**The task**
Scan the listing for "have" and copy out each line that has it.

(Records for this task)

text \<open>Consumption profile; s R j is the consumption of resource j by R.
  Values outside the index range (R not a nonempty subset of [n], or j not in R) are fixed to 0.\<close>
definition profile :: "nat \<Rightarrow> (nat set \<Rightarrow> real) \<Rightarrow> (nat set \<Rightarrow> nat \<Rightarrow> real) \<Rightarrow> bool" where
  "profile n mu s \<longleftrightarrow>
     (\<forall>R j. (R \<notin> coalitions n \<or> j \<notin> R) \<longrightarrow> s R j = 0) \<and>
     (\<forall>R\<in>coalitions n. (\<forall>j. s R j \<ge> 0) \<and> (\<Sum>j\<in>{1..n}. s R j) = mu R)"

definition load :: "nat \<Rightarrow> (nat set \<Rightarrow> nat \<Rightarrow> real) \<Rightarrow> nat \<Rightarrow> real" where
  "load n s j = (\<Sum>R\<in>coalitions n. s R j)"

definition cost :: "nat \<Rightarrow> (nat \<Rightarrow> real \<Rightarrow> real) \<Rightarrow> (nat set \<Rightarrow> nat \<Rightarrow> real) \<Rightarrow> nat \<Rightarrow> real" where
  "cost n f s j = f j (load n s j)"

definition nash :: "nat \<Rightarrow> (nat \<Rightarrow> real \<Rightarrow> real) \<Rightarrow> (nat set \<Rightarrow> real) \<Rightarrow> (nat set \<Rightarrow> nat \<Rightarrow> real) \<Rightarrow> bool" where
  "nash n f mu s \<longleftrightarrow> profile n mu s \<and>
     (\<forall>R\<in>coalitions n. \<forall>k. s R k > 0 \<longrightarrow> (\<forall>j\<in>R. cost n f s k \<le> cost n f s j))"

text \<open>h^R: the cost of any resource used by R (well defined at a Nash equilibrium when mu R > 0).\<close>
definition height :: "nat \<Rightarrow> (nat \<Rightarrow> real \<Rightarrow> real) \<Rightarrow> (nat set \<Rightarrow> nat \<Rightarrow> real) \<Rightarrow> nat set \<Rightarrow> real" where
  "height n f s R = cost n f s (SOME k. s R k > 0)"

definition strong_nash :: "nat \<Rightarrow> (nat \<Rightarrow> real \<Rightarrow> real) \<Rightarrow> (nat set \<Rightarrow> real) \<Rightarrow> (nat set \<Rightarrow> nat \<Rightarrow> real) \<Rightarrow> bool" where
  "strong_nash n f mu s \<longleftrightarrow> nash n f mu s \<and>
     \<not> (\<exists>s'. profile n mu s' \<and> s' \<noteq> s \<and>
           (\<forall>R\<in>coalitions n. \<forall>k. s' R k > s R k \<longrightarrow> cost n f s' k < height n f s R))"

definition super_strong_nash :: "nat \<Rightarrow> (nat \<Rightarrow> real \<Rightarrow> real) \<Rightarrow> (nat set \<Rightarrow> real) \<Rightarrow> (nat set \<Rightarrow> nat \<Rightarrow> real) \<Rightarrow> bool" where
  "super_strong_nash n f mu s \<longleftrightarrow> nash n f mu s \<and>
     \<not> (\<exists>s'. profile n mu s' \<and>
           (\<forall>R\<in>coalitions n. \<forall>k. s' R k > s R k \<longrightarrow> cost n f s' k \<le> height n f s R) \<and>
           (\<exists>R\<in>coalitions n. \<exists>k. s' R k > 0 \<and> cost n f s' k < height n f s R))"

definition plateau_height :: "(real \<Rightarrow> real) \<Rightarrow> real \<Rightarrow> bool" where
  "plateau_height g h \<longleftrightarrow> (\<exists>x y. x \<ge> 0 \<and> y \<ge> 0 \<and> x \<noteq> y \<and> g x = h \<and> g y = h)"

end

theory Submission
  imports Defs
begin

text \<open>Equilibrium costs are unique: for two Nash equilibria \<open>s\<close>, \<open>t\<close> the variational inequality
  \<open>\<Sum>\<^sub>j h\<^sup>s\<^sub>j \<mu>\<^sup>s\<^sub>j \<le> \<Sum>\<^sub>j h\<^sup>s\<^sub>j \<mu>\<^sup>t\<^sub>j\<close> and its mirror image add up to
  \<open>\<Sum>\<^sub>j (h\<^sup>s\<^sub>j - h\<^sup>t\<^sub>j)(\<mu>\<^sup>s\<^sub>j - \<mu>\<^sup>t\<^sub>j) \<le> 0\<close>, while monotonicity makes every term nonnegative.
  A deviating coalition only moves consumption onto resources whose new cost is at most its
  height, which is at most their old cost. Under strict improvement, or in the absence of plateaus,
  this forces the load of every such resource not to increase; as the total load is conserved,
  all loads, hence all costs, stay the same, contradicting the improvement.\<close>

lemma profile_zero_outside:
  "profile n mu s \<Longrightarrow> R \<notin> coalitions n \<or> j \<notin> R \<Longrightarrow> s R j = 0"
  unfolding profile_def by blast

lemma profile_nonneg: "profile n mu s \<Longrightarrow> s R j \<ge> 0"
  unfolding profile_def by (cases "R \<in> coalitions n") auto

lemma profile_sum_eq:
  "profile n mu s \<Longrightarrow> R \<in> coalitions n \<Longrightarrow> (\<Sum>j\<in>{1..n}. s R j) = mu R"
  unfolding profile_def by blast

lemma profile_pos_imp_mem:
  assumes "profile n mu s" "s R k > 0"
  shows "R \<in> coalitions n" "k \<in> R" "k \<in> {1..n}"
proof -
  show R: "R \<in> coalitions n" and k: "k \<in> R"
    using profile_zero_outside[OF assms(1), of R k] assms(2) by auto
  show "k \<in> {1..n}" using R k unfolding coalitions_def by auto
qed

lemma profile_eq_0_if_mu_eq_0:
  assumes "profile n mu s" "R \<in> coalitions n" "mu R = 0"
  shows "s R j = 0"
proof (cases "j \<in> {1..n}")
  case True
  have "(\<Sum>i\<in>{1..n}. s R i) = 0" using profile_sum_eq[OF assms(1,2)] assms(3) by simp
  then have "\<forall>i\<in>{1..n}. s R i = 0"
    by (simp add: sum_nonneg_eq_0_iff profile_nonneg[OF assms(1)])
  with True show ?thesis by blast
next
  case False
  then show ?thesis
    using assms(2) profile_zero_outside[OF assms(1)] unfolding coalitions_def by blast
qed

lemma profile_pos_imp_coalition_active:
  assumes "profile n mu s" "profile n mu s'" "s' R k > 0"
  obtains k0 where "s R k0 > 0"
proof -
  have R: "R \<in> coalitions n" using profile_pos_imp_mem(1)[OF assms(2,3)] .
  have "mu R \<noteq> 0" using profile_eq_0_if_mu_eq_0[OF assms(2) R] assms(3) by force
  then obtain j where "s R j \<noteq> 0" using profile_sum_eq[OF assms(1) R] by force
  then show thesis using that profile_nonneg[OF assms(1), of R j] by (simp add: less_le)
qed

lemma load_nonneg: "profile n mu s \<Longrightarrow> load n s j \<ge> 0"
  unfolding load_def by (rule sum_nonneg) (rule profile_nonneg)

lemma sum_load_eq:
  assumes "profile n mu s"
  shows "(\<Sum>j\<in>{1..n}. load n s j) = (\<Sum>R\<in>coalitions n. mu R)"
proof -
  have "(\<Sum>j\<in>{1..n}. load n s j) = (\<Sum>R\<in>coalitions n. \<Sum>j\<in>{1..n}. s R j)"
    unfolding load_def by (rule sum.swap)
  also have "\<dots> = (\<Sum>R\<in>coalitions n. mu R)"
    by (rule sum.cong[OF refl]) (rule profile_sum_eq[OF assms])
  finally show ?thesis .
qed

(End Records for this task)

**Answer below**
  have "(\<Sum>i\<in>{1..n}. s R i) = 0" using profile_sum_eq[OF assms(1,2)] assms(3) by simp
  then have "\<forall>i\<in>{1..n}. s R i = 0"
  have R: "R \<in> coalitions n" using profile_pos_imp_mem(1)[OF assms(2,3)] .
  have "mu R \<noteq> 0" using profile_eq_0_if_mu_eq_0[OF assms(2) R] assms(3) by force
  have "(\<Sum>j\<in>{1..n}. load n s j) = (\<Sum>R\<in>coalitions n. \<Sum>j\<in>{1..n}. s R j)"
  also have "\<dots> = (\<Sum>R\<in>coalitions n. mu R)"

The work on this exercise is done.